▶ [Brief]: Set out exactly every line of the entries below, starting at the line that holds "unfolding Q_def W_def" and stopping after the line that holds "k\<bar>))^2 \<le> \<epsilon>^2".

▶ [Materials provided]:
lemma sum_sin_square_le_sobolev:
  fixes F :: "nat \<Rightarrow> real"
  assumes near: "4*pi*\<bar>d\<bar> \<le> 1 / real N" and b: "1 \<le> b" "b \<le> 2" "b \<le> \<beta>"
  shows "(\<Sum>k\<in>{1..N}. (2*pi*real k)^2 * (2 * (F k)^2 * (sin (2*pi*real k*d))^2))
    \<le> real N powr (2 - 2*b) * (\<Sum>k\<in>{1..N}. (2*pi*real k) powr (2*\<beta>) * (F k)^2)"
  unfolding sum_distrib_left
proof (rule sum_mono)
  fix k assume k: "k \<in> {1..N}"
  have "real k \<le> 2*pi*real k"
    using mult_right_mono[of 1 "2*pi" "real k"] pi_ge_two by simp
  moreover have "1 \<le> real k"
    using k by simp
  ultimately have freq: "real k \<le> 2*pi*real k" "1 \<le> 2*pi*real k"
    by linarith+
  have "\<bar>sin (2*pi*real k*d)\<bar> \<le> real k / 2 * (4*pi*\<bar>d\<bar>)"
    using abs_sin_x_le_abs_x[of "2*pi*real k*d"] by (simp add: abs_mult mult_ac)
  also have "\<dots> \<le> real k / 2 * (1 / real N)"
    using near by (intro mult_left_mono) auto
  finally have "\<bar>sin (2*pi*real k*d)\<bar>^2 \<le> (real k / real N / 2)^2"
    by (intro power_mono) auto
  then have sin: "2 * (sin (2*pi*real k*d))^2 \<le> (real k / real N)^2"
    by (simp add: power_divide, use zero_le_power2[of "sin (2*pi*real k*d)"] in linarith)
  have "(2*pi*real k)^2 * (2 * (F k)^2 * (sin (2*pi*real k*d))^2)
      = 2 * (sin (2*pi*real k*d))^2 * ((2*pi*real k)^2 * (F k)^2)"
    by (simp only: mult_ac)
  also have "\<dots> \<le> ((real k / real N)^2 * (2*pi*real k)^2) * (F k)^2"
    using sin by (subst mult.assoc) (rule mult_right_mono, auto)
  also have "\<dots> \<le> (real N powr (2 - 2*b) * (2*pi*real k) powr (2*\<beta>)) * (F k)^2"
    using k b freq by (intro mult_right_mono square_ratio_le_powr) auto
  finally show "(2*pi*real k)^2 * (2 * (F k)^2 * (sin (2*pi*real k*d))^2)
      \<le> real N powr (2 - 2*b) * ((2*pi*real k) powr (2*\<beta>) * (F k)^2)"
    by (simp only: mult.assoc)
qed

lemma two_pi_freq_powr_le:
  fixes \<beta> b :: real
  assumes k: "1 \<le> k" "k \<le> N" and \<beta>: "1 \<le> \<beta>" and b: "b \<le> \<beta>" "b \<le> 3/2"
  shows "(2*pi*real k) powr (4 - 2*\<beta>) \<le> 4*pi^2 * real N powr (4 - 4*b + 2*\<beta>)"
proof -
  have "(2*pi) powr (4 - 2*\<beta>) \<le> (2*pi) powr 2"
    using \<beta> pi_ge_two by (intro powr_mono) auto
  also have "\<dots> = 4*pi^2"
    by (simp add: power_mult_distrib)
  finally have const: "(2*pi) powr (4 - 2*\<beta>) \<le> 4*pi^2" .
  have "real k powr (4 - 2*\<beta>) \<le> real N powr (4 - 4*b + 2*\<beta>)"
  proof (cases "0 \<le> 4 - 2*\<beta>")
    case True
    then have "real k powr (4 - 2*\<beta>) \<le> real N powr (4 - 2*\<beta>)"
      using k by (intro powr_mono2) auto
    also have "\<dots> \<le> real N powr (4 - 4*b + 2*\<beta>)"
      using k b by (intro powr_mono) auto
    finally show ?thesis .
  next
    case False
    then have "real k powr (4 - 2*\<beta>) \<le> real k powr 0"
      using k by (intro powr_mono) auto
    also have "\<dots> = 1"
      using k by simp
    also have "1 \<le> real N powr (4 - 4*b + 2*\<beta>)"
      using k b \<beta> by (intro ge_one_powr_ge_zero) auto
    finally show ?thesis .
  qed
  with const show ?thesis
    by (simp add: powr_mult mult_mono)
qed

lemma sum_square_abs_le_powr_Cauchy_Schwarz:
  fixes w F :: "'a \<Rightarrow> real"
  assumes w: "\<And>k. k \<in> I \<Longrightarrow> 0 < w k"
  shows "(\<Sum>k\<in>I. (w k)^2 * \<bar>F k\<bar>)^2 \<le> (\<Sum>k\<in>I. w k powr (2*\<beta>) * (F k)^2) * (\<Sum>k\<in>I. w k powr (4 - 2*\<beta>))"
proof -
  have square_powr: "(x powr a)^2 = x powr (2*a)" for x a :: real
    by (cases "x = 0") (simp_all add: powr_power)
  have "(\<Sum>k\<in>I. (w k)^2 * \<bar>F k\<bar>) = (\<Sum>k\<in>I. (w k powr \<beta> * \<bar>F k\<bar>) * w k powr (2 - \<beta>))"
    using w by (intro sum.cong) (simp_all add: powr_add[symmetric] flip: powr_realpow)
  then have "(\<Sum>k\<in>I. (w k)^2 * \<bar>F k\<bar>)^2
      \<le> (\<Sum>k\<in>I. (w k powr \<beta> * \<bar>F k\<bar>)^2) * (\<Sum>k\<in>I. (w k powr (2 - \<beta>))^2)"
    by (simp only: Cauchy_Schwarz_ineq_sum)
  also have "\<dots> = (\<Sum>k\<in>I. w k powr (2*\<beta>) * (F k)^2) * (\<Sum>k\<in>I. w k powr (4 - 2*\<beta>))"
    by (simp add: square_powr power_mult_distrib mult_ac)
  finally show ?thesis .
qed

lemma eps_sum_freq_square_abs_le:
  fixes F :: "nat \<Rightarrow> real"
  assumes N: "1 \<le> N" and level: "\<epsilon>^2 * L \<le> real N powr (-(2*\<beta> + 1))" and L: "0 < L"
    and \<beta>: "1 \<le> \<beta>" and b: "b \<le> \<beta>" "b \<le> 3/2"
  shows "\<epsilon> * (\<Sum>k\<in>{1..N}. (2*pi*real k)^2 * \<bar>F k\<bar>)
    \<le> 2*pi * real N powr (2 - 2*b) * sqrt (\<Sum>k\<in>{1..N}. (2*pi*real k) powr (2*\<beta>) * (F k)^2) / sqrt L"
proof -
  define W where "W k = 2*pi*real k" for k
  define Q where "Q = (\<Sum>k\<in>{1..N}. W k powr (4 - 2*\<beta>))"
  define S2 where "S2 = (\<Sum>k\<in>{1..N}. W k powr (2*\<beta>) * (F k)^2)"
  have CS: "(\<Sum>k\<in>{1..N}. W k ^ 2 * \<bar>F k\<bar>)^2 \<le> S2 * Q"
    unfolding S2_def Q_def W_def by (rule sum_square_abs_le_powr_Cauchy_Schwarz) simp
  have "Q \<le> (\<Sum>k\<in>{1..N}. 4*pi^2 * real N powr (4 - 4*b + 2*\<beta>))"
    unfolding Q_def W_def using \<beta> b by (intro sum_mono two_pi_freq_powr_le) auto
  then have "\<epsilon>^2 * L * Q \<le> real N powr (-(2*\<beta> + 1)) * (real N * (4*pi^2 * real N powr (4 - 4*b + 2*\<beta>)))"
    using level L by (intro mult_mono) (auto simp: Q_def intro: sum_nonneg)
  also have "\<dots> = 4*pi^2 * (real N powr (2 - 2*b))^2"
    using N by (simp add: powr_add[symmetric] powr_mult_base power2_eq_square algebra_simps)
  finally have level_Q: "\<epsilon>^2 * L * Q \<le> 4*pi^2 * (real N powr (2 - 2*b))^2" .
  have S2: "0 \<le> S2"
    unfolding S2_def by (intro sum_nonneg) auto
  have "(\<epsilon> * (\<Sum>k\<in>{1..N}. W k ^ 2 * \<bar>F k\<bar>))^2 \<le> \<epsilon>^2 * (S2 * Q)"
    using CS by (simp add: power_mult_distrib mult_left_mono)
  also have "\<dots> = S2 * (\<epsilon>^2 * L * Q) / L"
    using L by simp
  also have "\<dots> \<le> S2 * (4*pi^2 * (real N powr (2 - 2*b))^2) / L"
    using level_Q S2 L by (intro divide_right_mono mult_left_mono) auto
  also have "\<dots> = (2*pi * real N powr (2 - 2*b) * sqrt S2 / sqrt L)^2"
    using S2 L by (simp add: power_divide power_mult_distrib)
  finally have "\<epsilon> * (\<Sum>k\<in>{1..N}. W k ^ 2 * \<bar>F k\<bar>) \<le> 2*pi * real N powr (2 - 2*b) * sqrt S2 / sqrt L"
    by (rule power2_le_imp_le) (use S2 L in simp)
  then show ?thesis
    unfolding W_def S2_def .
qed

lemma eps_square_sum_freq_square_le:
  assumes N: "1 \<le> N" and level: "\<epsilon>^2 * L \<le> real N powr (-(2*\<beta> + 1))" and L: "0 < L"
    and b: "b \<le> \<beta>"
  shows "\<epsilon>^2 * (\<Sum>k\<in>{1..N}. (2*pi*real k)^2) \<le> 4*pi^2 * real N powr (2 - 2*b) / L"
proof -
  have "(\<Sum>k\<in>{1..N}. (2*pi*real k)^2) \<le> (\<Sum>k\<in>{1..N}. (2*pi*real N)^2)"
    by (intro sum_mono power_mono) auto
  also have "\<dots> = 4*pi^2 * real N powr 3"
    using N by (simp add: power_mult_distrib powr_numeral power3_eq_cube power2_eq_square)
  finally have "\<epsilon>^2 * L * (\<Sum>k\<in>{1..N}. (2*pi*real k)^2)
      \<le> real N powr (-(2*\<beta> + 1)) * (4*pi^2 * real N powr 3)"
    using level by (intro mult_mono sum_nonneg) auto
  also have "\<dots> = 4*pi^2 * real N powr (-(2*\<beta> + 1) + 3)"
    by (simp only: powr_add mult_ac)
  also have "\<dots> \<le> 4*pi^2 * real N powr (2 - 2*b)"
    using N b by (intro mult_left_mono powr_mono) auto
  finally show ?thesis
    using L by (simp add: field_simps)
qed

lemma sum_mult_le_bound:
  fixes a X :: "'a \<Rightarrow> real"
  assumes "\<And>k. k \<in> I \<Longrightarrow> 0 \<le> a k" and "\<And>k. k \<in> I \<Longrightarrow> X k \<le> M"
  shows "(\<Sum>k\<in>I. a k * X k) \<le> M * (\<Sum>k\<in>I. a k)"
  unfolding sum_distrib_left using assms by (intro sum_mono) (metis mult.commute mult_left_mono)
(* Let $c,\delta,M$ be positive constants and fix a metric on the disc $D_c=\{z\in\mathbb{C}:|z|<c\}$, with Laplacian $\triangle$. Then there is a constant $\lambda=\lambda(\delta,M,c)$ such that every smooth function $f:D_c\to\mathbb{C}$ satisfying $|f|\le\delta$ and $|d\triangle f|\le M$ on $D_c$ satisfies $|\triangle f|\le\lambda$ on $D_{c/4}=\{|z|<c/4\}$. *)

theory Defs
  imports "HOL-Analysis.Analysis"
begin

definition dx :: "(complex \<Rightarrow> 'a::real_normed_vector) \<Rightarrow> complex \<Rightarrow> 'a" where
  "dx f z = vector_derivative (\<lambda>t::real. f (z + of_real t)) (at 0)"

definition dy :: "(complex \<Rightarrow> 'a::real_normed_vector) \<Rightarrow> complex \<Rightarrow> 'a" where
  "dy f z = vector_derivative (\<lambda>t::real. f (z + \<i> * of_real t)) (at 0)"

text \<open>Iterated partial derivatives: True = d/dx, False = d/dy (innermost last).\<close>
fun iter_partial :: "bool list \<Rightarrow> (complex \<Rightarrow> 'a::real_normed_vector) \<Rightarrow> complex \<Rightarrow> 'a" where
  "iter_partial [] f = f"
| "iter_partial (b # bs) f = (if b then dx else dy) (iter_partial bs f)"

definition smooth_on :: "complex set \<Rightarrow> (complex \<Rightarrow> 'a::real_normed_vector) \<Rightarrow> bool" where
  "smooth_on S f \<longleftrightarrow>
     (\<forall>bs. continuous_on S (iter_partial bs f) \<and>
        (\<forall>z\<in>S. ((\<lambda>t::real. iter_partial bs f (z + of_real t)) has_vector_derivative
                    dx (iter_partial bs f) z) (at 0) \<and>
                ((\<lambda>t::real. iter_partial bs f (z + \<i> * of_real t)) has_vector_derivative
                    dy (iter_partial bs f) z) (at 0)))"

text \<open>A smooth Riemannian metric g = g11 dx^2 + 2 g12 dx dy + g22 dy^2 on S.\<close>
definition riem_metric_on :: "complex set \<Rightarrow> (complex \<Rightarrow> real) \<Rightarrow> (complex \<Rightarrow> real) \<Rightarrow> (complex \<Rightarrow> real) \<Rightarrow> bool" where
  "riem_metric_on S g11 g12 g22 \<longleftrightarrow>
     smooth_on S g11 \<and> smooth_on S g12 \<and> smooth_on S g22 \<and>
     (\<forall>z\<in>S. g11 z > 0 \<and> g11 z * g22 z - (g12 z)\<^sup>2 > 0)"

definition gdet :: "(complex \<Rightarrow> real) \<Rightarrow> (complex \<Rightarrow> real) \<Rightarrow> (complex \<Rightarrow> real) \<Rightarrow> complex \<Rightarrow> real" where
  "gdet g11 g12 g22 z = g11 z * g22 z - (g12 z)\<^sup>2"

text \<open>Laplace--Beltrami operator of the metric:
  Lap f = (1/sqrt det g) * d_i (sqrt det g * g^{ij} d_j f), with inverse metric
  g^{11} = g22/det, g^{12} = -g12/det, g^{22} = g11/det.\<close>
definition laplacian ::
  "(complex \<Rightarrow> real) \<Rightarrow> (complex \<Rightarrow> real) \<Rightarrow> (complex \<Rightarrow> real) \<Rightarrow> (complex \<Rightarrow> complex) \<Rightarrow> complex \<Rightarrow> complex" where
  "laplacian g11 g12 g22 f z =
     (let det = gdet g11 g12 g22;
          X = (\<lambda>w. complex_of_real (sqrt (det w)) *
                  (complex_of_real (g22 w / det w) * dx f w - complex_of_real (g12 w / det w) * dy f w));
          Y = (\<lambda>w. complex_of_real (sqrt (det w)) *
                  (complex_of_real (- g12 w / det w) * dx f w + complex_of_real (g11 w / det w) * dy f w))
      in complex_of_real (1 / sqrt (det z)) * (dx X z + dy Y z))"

▶ [Result]:
    unfolding Q_def W_def using \<beta> b by (intro sum_mono two_pi_freq_powr_le) auto
  then have "\<epsilon>^2 * L * Q \<le> real N powr (-(2*\<beta> + 1)) * (real N * (4*pi^2 * real N powr (4 - 4*b + 2*\<beta>)))"
    using level L by (intro mult_mono) (auto simp: Q_def intro: sum_nonneg)
  also have "\<dots> = 4*pi^2 * (real N powr (2 - 2*b))^2"
    using N by (simp add: powr_add[symmetric] powr_mult_base power2_eq_square algebra_simps)
  finally have level_Q: "\<epsilon>^2 * L * Q \<le> 4*pi^2 * (real N powr (2 - 2*b))^2" .
  have S2: "0 \<le> S2"
    unfolding S2_def by (intro sum_nonneg) auto
  have "(\<epsilon> * (\<Sum>k\<in>{1..N}. W k ^ 2 * \<bar>F k\<bar>))^2 \<le> \<epsilon>^2 * (S2 * Q)"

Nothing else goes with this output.